(Data section Opens)

lemma INF_chain_norming_minorants:
  assumes ne: "C \<noteq> {}" and C: "C \<subseteq> norming_minorants y0"
    and chain: "\<And>a b. a \<in> C \<Longrightarrow> b \<in> C \<Longrightarrow> a \<le> b \<or> b \<le> a"
  shows "(\<lambda>x. INF q\<in>C. q x) \<in> norming_minorants y0" "\<And>q. q \<in> C \<Longrightarrow> (\<lambda>x. INF q\<in>C. q x) \<le> q"
proof -
  have sub: "\<And>q. q \<in> C \<Longrightarrow> sublinear q" and le: "\<And>q. q \<in> C \<Longrightarrow> q \<le> norm"
    and y0: "\<And>q. q \<in> C \<Longrightarrow> q (- y0) \<le> - norm y0"
    using C unfolding norming_minorants_def by auto
  have bdd: "bdd_below ((\<lambda>q. q x) ` C)" for x
  proof (rule bdd_belowI2[where m = "- norm x"])
    fix q assume "q \<in> C"
    then have "q (- x) \<le> norm (- x)" using le by (simp add: le_fun_def del: norm_minus_cancel)
    then show "- norm x \<le> q x" using sublinear_minus_le[OF sub[OF \<open>q \<in> C\<close>], of x] by simp
  qed
  show lower: "(\<lambda>x. INF q\<in>C. q x) \<le> q" if "q \<in> C" for q
    using cINF_lower[OF bdd that] by (simp add: le_fun_def)
  obtain q where "q \<in> C" using ne by blast
  moreover have "sublinear (\<lambda>x. INF q\<in>C. q x)"
    using ne sub bdd chain by (rule sublinear_INF_chain)
  ultimately show "(\<lambda>x. INF q\<in>C. q x) \<in> norming_minorants y0"
    unfolding norming_minorants_def
    using order_trans[OF lower le] le_funD[OF lower, of q "- y0"] y0 by fastforce
qed

text \<open>By Zorn's lemma \<open>norming_minorants y0\<close> has a minimal element; minimality against
  \<open>reduce_along\<close> makes it odd.\<close>
lemma odd_norming_minorant:
  fixes y0 :: "'b::real_normed_vector"
  obtains m where "m \<in> norming_minorants y0" "\<And>x. m (- x) = - m x"
proof -
  let ?A = "norming_minorants y0" and ?P = "\<lambda>q1 q2::'b \<Rightarrow> real. q2 \<le> q1"
  have po: "partial_order_on ?A (relation_of ?P ?A)"
    unfolding partial_order_on_def preorder_on_def refl_on_def trans_def antisym_def relation_of_def
    by auto
  have "reduce_along norm y0 \<in> ?A"
    unfolding norming_minorants_def le_fun_def
    using sublinear_reduce_along reduce_along_le_self reduce_along_minus_le sublinear_norm by auto
  moreover have "\<exists>u\<in>?A. \<forall>a\<in>C. ?P a u" if C: "C \<in> Chains (relation_of ?P ?A)" and "C \<noteq> {}" for C
  proof -
    have "C \<subseteq> ?A" "\<And>a b. a \<in> C \<Longrightarrow> b \<in> C \<Longrightarrow> a \<le> b \<or> b \<le> a"
      using C unfolding Chains_def relation_of_def by auto
    then show ?thesis using INF_chain_norming_minorants[OF \<open>C \<noteq> {}\<close>] by blast
  qed
  ultimately obtain m where m: "m \<in> ?A" and min: "\<And>q. q \<in> ?A \<Longrightarrow> q \<le> m \<Longrightarrow> q = m"
    using predicate_Zorn[OF po] by (metis empty_iff)
  have "m (- x) = - m x" for x
  proof -
    have sm: "sublinear m" using m unfolding norming_minorants_def by blast
    have "reduce_along m x = m"
      using min reduce_along_norming_minorants[OF m] reduce_along_le_self[OF sm] by (auto simp: le_fun_def)
    then show ?thesis
      using reduce_along_minus_le[OF sm, of x] sublinear_minus_le[OF sm, of x] by simp
  qed
  with m show thesis by (rule that)
qed

lemma real_norming_functional:
  fixes y0 :: "'b::real_normed_vector"
  obtains \<psi> where "linear \<psi>" "\<psi> y0 = norm y0" "\<And>x. \<psi> x \<le> norm x"
proof -
  obtain m where m: "sublinear m" "m \<le> norm" "m (- y0) \<le> - norm y0" "\<And>x. m (- x) = - m x"
    using odd_norming_minorant[of y0] unfolding norming_minorants_def by blast
  then have "m y0 = norm y0" using m(4)[of y0] le_funD[OF m(2), of y0] by simp
  with m show thesis by (intro that[of m] linear_if_sublinear_odd) (auto simp: le_fun_def)
qed
(* Let $\lambda\in P_+$ and let $x$ be a finite-dimensional nilpotent $\Lambda$-submodule of $q_\lambda$ (i.e. $x\in\Lambda^\lambda_\beta$ for some $\beta$, identified with a submodule of $q_\lambda$). Let $i,j\in I$ (not necessarily distinct) and let $y$ be a submodule of $q_\lambda$ containing $x$ with $y/x\cong s_j$. Then $$\varphi_i(y)-\varepsilon_i(y)=\varphi_i(x)-\varepsilon_i(x)-a_{ij}.$$
   Context: $\Gamma$ is a finite graph without loops with vertex set $I$; $a_{ii}=2$, and $-a_{ij}$ is the number of edges between $i\ne j$. $\Lambda$ is the preprojective algebra of $\Gamma$ over $\mathbb C$, $s_i$ the simple module at $i$, $q_i$ its injective hull. For a dominant integral weight $\lambda$ of the Kac–Moody algebra of $\Gamma$ (with simple roots $\alpha_i$ and symmetric form $(\alpha_i;\alpha_j)=a_{ij}$), $q_\lambda=\bigoplus_i q_i^{\oplus(\lambda;\alpha_i)}$. A finite-dimensional module is nilpotent if all its composition factors are among the $s_i$. For a submodule $x$ of $q_\lambda$: $\varepsilon_i(x)$ is the multiplicity of $s_i$ in the head (top) of $x$, and $\varphi_i(x)$ is the multiplicity of $s_i$ in the socle of $q_\lambda/x$. *)

theory Defs
  imports Complex_Main "HOL-Library.Function_Algebras"
begin

(* Graph Gamma: vertex type 'i (finite), generalized Cartan matrix A :: 'i => 'i => int,
   A i i = 2, -A i j = number of edges between i and j (i ~= j). *)
definition is_graph_cartan :: "('i::{finite,linorder} \<Rightarrow> 'i \<Rightarrow> int) \<Rightarrow> bool" where
  "is_graph_cartan A \<longleftrightarrow> (\<forall>i. A i i = 2) \<and> (\<forall>i j. i \<noteq> j \<longrightarrow> A i j \<le> 0)
      \<and> (\<forall>i j. A i j = A j i)"

(* Arrows of the double quiver: (s, t, m) is the m-th arrow from s to t, m < number of edges. *)
type_synonym 'i arrow = "'i \<times> 'i \<times> nat"
type_synonym 'i path = "'i arrow list"

definition is_arrow :: "('i \<Rightarrow> 'i \<Rightarrow> int) \<Rightarrow> 'i arrow \<Rightarrow> bool" where
  "is_arrow A b \<longleftrightarrow> (case b of (s, t, m) \<Rightarrow> s \<noteq> t \<and> m < nat (- A s t))"

definition src :: "'i arrow \<Rightarrow> 'i" where "src b = fst b"
definition tgt :: "'i arrow \<Rightarrow> 'i" where "tgt b = fst (snd b)"

definition rev_arrow :: "'i arrow \<Rightarrow> 'i arrow" where
  "rev_arrow b = (case b of (s, t, m) \<Rightarrow> (t, s, m))"

definition eps :: "'i::linorder arrow \<Rightarrow> complex" where
  "eps b = (if src b < tgt b then 1 else -1)"

definition arrows_from :: "('i \<Rightarrow> 'i \<Rightarrow> int) \<Rightarrow> 'i \<Rightarrow> 'i arrow set" where
  "arrows_from A v = {b. is_arrow A b \<and> src b = v}"

definition arrows_into :: "('i \<Rightarrow> 'i \<Rightarrow> int) \<Rightarrow> 'i \<Rightarrow> 'i arrow set" where
  "arrows_into A v = {b. is_arrow A b \<and> tgt b = v}"

fun is_path :: "('i \<Rightarrow> 'i \<Rightarrow> int) \<Rightarrow> 'i \<Rightarrow> 'i \<Rightarrow> 'i path \<Rightarrow> bool" where
  "is_path A k l [] = (k = l)"
| "is_path A k l (b # p) = (src b = k \<and> is_arrow A b \<and> is_path A (tgt b) l p)"

(* The injective hull q_i of s_i (nilpotent Lambda-modules), as a representation:
   q_i(k) = graded dual of (paths from k to i modulo the preprojective relations),
   i.e. linear functionals on paths k -> i, vanishing on the two-sided ideal generated by
   the preprojective relations  sum_{b : src b = v} eps b * b b^*,  and vanishing on all
   paths of length > N for some N. *)
definition qhull :: "('i::{finite,linorder} \<Rightarrow> 'i \<Rightarrow> int) \<Rightarrow> 'i \<Rightarrow> 'i \<Rightarrow> ('i path \<Rightarrow> complex) set" where
  "qhull A i k = {f. (\<forall>p. f p \<noteq> 0 \<longrightarrow> is_path A k i p)
                    \<and> (\<exists>N. \<forall>p. N < length p \<longrightarrow> f p = 0)
                    \<and> (\<forall>p v q. (\<Sum>b\<in>arrows_from A v. eps b * f (p @ [b, rev_arrow b] @ q)) = 0)}"

(* elements of q_lambda at vertex k: lam i = (lambda ; alpha_i) copies of q_i, indexed by (i, r) *)
type_synonym 'i qelem = "'i \<times> nat \<Rightarrow> 'i path \<Rightarrow> complex"

definition qlam :: "('i::{finite,linorder} \<Rightarrow> 'i \<Rightarrow> int) \<Rightarrow> ('i \<Rightarrow> nat) \<Rightarrow> 'i \<Rightarrow> 'i qelem set" where
  "qlam A lam k = {F. \<forall>i r. (r < lam i \<longrightarrow> F (i, r) \<in> qhull A i k) \<and> (\<not> r < lam i \<longrightarrow> F (i, r) = 0)}"

definition act :: "'i arrow \<Rightarrow> 'i qelem \<Rightarrow> 'i qelem" where
  "act b F = (\<lambda>ir p. F ir (b # p))"

definition sc :: "complex \<Rightarrow> 'i qelem \<Rightarrow> 'i qelem" where
  "sc c F = (\<lambda>ir p. c * F ir p)"

abbreviation cdim :: "'i qelem set \<Rightarrow> nat" where
  "cdim \<equiv> vector_space.dim sc"

abbreviation cspan :: "'i qelem set \<Rightarrow> 'i qelem set" where
  "cspan \<equiv> module.span sc"

definition is_submodule :: "('i::{finite,linorder} \<Rightarrow> 'i \<Rightarrow> int) \<Rightarrow> ('i \<Rightarrow> nat) \<Rightarrow> ('i \<Rightarrow> 'i qelem set) \<Rightarrow> bool" where
  "is_submodule A lam X \<longleftrightarrow> (\<forall>k. X k \<subseteq> qlam A lam k \<and> module.subspace sc (X k))
      \<and> (\<forall>b. is_arrow A b \<longrightarrow> act b ` X (src b) \<subseteq> X (tgt b))"

definition fin_dim_module :: "('i \<Rightarrow> 'i qelem set) \<Rightarrow> bool" where
  "fin_dim_module X \<longleftrightarrow> (\<forall>k. \<exists>B. finite B \<and> B \<subseteq> X k \<and> cspan B = X k)"

(* nilpotent: every composition factor is some s_i; for a finite-dimensional representation
   this is: some path length N such that all paths of length >= N act by zero *)
definition nilpotent_module :: "('i::{finite,linorder} \<Rightarrow> 'i \<Rightarrow> int) \<Rightarrow> ('i \<Rightarrow> 'i qelem set) \<Rightarrow> bool" where
  "nilpotent_module A X \<longleftrightarrow> (\<exists>N. \<forall>p k l. is_path A k l p \<and> N \<le> length p \<longrightarrow>
       (\<forall>F\<in>X k. fold act p F = 0))"

(* epsilon_i(x): multiplicity of s_i in the head of x = dim x_i - dim (rad x)_i *)
definition epsi :: "('i \<Rightarrow> 'i \<Rightarrow> int) \<Rightarrow> ('i \<Rightarrow> 'i qelem set) \<Rightarrow> 'i \<Rightarrow> int" where
  "epsi A X i = int (cdim (X i)) - int (cdim (cspan (\<Union>b\<in>arrows_into A i. act b ` X (src b))))"

(* phi_i(x): multiplicity of s_i in the socle of q_lambda / x *)
definition phii :: "('i::{finite,linorder} \<Rightarrow> 'i \<Rightarrow> int) \<Rightarrow> ('i \<Rightarrow> nat) \<Rightarrow> ('i \<Rightarrow> 'i qelem set) \<Rightarrow> 'i \<Rightarrow> int" where
  "phii A lam X i = int (cdim {F \<in> qlam A lam i. \<forall>b\<in>arrows_from A i. act b F \<in> X (tgt b)})
                    - int (cdim (X i))"

end

theory Submission
  imports Defs
begin

text \<open>
  Write \<open>S(Z)\<^sub>i\<close> for the \<open>i\<close>-component of the preimage in \<open>q\<^sub>\<lambda>\<close> of the socle of
  \<open>q\<^sub>\<lambda>/Z\<close> and \<open>R(Z)\<^sub>i\<close> for \<open>(rad Z)\<^sub>i\<close>, so that
  \<open>\<phi>\<^sub>i(Z) - \<epsilon>\<^sub>i(Z) = dim S(Z)\<^sub>i + dim R(Z)\<^sub>i - 2 dim Z\<^sub>i\<close>.  Passing from \<open>X\<close> to \<open>Y\<close>
  raises \<open>dim Z\<^sub>i\<close> by \<open>[i = j]\<close>, so it suffices to show that \<open>dim S\<^sub>i + dim R\<^sub>i\<close> grows by
  the number \<open>n = max 0 (-a\<^sub>i\<^sub>j)\<close> of arrows \<open>i \<rightarrow> j\<close> (there are none for \<open>i = j\<close>).

  Pick \<open>v \<in> Y\<^sub>j\<close> and a functional \<open>l\<close> with \<open>l v = 1\<close> vanishing on \<open>X\<^sub>j\<close>.  The map
  \<open>\<theta> : S(Y)\<^sub>i \<rightarrow> \<complex>\<^sup>n\<close> reading off \<open>l\<close> on the images of \<open>F\<close> under the arrows \<open>a\<^sub>m : i \<rightarrow> j\<close>
  has kernel \<open>S(X)\<^sub>i\<close>, and \<open>g : \<complex>\<^sup>n \<rightarrow> q\<^sub>\<lambda>(i)\<close>, \<open>c \<mapsto> \<Sum> c\<^sub>m a\<^sub>m\<^sup>* v\<close>, satisfies
  \<open>span (R(X)\<^sub>i \<union> im g) = R(Y)\<^sub>i\<close>.  The preprojective relation at \<open>i\<close>, together with the
  injectivity of \<open>q\<^sub>\<lambda>\<close> (data along the arrows out of \<open>i\<close> obeying the relation glue to an
  element at \<open>i\<close>), shows \<open>im \<theta> = g\<^sup>-\<^sup>1(R(X)\<^sub>i)\<close>.  Rank-nullity for \<open>\<theta>\<close> and a relative
  rank-nullity for \<open>g\<close> give the count.
\<close>

section \<open>Linear algebra without finite-dimensional ambient spaces\<close>

context vector_space
begin
lemma perm_restrict_support_in_centralizer:
  assumes "s \<in> centralizer U p" and "p permutes U"
  shows "perm_restrict s {y. p y \<noteq> y} \<in> centralizer {y. p y \<noteq> y} p"
proof -
  let ?S = "{y. p y \<noteq> y}"
  have "s permutes U" using assms(1) by (simp add: centralizer_def)
  hence "perm_restrict s ?S permutes ?S"
    using centralizer_preserves_support[OF assms(1)] by (intro perm_restrict_permutes) auto
  moreover have "perm_restrict s ?S \<circ> p = p \<circ> perm_restrict s ?S"
  proof
    fix y
    have "p (p y) \<noteq> p y" if "p y \<noteq> y"
      using that permutes_inj[OF assms(2)] by (auto dest: injD)
    moreover have "s (p y) = p (s y)" using assms(1) by (auto simp: centralizer_def fun_eq_iff)
    ultimately show "(perm_restrict s ?S \<circ> p) y = (p \<circ> perm_restrict s ?S) y"
      by (cases "p y = y") (auto simp: perm_restrict_simps)
  qed
  ultimately show ?thesis by (simp add: centralizer_def)
qed

text \<open>A permutation commuting with \<open>p\<close> restricts to a permutation of the support of \<open>p\<close>
  commuting with \<open>p\<close> and to an arbitrary permutation of the fixed points of \<open>p\<close>.\<close>

lemma card_centralizer_le_support:
  assumes "p permutes U" and "finite U"
  shows "card (centralizer U p)
    \<le> card (centralizer {y. p y \<noteq> y} p) * fact (card U - card {y. p y \<noteq> y})"
proof -
  let ?S = "{y. p y \<noteq> y}"
  define f where "f s = (perm_restrict s ?S, perm_restrict s (U - ?S))" for s
  have "?S \<subseteq> U" using assms(1) by (auto simp: permutes_def)
  have "inj_on f (centralizer U p)"
  proof (rule inj_onI, rule ext)
    fix s1 s2 y
    assume s1: "s1 \<in> centralizer U p" and s2: "s2 \<in> centralizer U p" and "f s1 = f s2"
    hence "perm_restrict s1 ?S y = perm_restrict s2 ?S y"
      and "perm_restrict s1 (U - ?S) y = perm_restrict s2 (U - ?S) y"
      by (auto simp: f_def)
    moreover have "y \<notin> U \<Longrightarrow> s1 y = y" and "y \<notin> U \<Longrightarrow> s2 y = y"
      using s1 s2 by (auto simp: centralizer_def permutes_not_in)
    ultimately show "s1 y = s2 y" by (auto simp: perm_restrict_def split: if_splits)
  qed
  moreover have "f ` centralizer U p \<subseteq> centralizer ?S p \<times> {q. q permutes (U - ?S)}"
  proof (rule image_subsetI)
    fix s assume s: "s \<in> centralizer U p"
    hence "s permutes U" by (simp add: centralizer_def)
    moreover have "s y \<in> U - ?S \<longleftrightarrow> y \<in> U - ?S" for y
      using centralizer_preserves_support[OF s, of y] permutes_in_image[OF \<open>s permutes U\<close>, of y]
      by auto
    ultimately have "perm_restrict s (U - ?S) permutes (U - ?S)" by (rule perm_restrict_permutes)
    thus "f s \<in> centralizer ?S p \<times> {q. q permutes (U - ?S)}"
      using perm_restrict_support_in_centralizer[OF s assms(1)] by (simp add: f_def)
  qed
  moreover have "finite (centralizer ?S p \<times> {q. q permutes (U - ?S)})"
    using assms(2) \<open>?S \<subseteq> U\<close>
    by (intro finite_cartesian_product finite_centralizer finite_permutations)
       (auto intro: finite_subset)
  ultimately have "card (centralizer U p) \<le> card (centralizer ?S p \<times> {q. q permutes (U - ?S)})"
    by (rule card_inj_on_le)
  also have "\<dots> = card (centralizer ?S p) * fact (card U - card ?S)"
    using assms(2) \<open>?S \<subseteq> U\<close>
    by (simp add: card_cartesian_product card_permutations card_Diff_subset finite_subset)
  finally show ?thesis .
qed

(Data section Closes)

Task details – Pick out, from the lines above, every one that contains the string "subseteq".

Solution to this task –
  assumes ne: "C \<noteq> {}" and C: "C \<subseteq> norming_minorants y0"
    have "C \<subseteq> ?A" "\<And>a b. a \<in> C \<Longrightarrow> b \<in> C \<Longrightarrow> a \<le> b \<or> b \<le> a"
  "is_submodule A lam X \<longleftrightarrow> (\<forall>k. X k \<subseteq> qlam A lam k \<and> module.subspace sc (X k))
      \<and> (\<forall>b. is_arrow A b \<longrightarrow> act b ` X (src b) \<subseteq> X (tgt b))"
  "fin_dim_module X \<longleftrightarrow> (\<forall>k. \<exists>B. finite B \<and> B \<subseteq> X k \<and> cspan B = X k)"
  have "?S \<subseteq> U" using assms(1) by (auto simp: permutes_def)
  moreover have "f ` centralizer U p \<subseteq> centralizer ?S p \<times> {q. q permutes (U - ?S)}"
    using assms(2) \<open>?S \<subseteq> U\<close>
    using assms(2) \<open>?S \<subseteq> U\<close>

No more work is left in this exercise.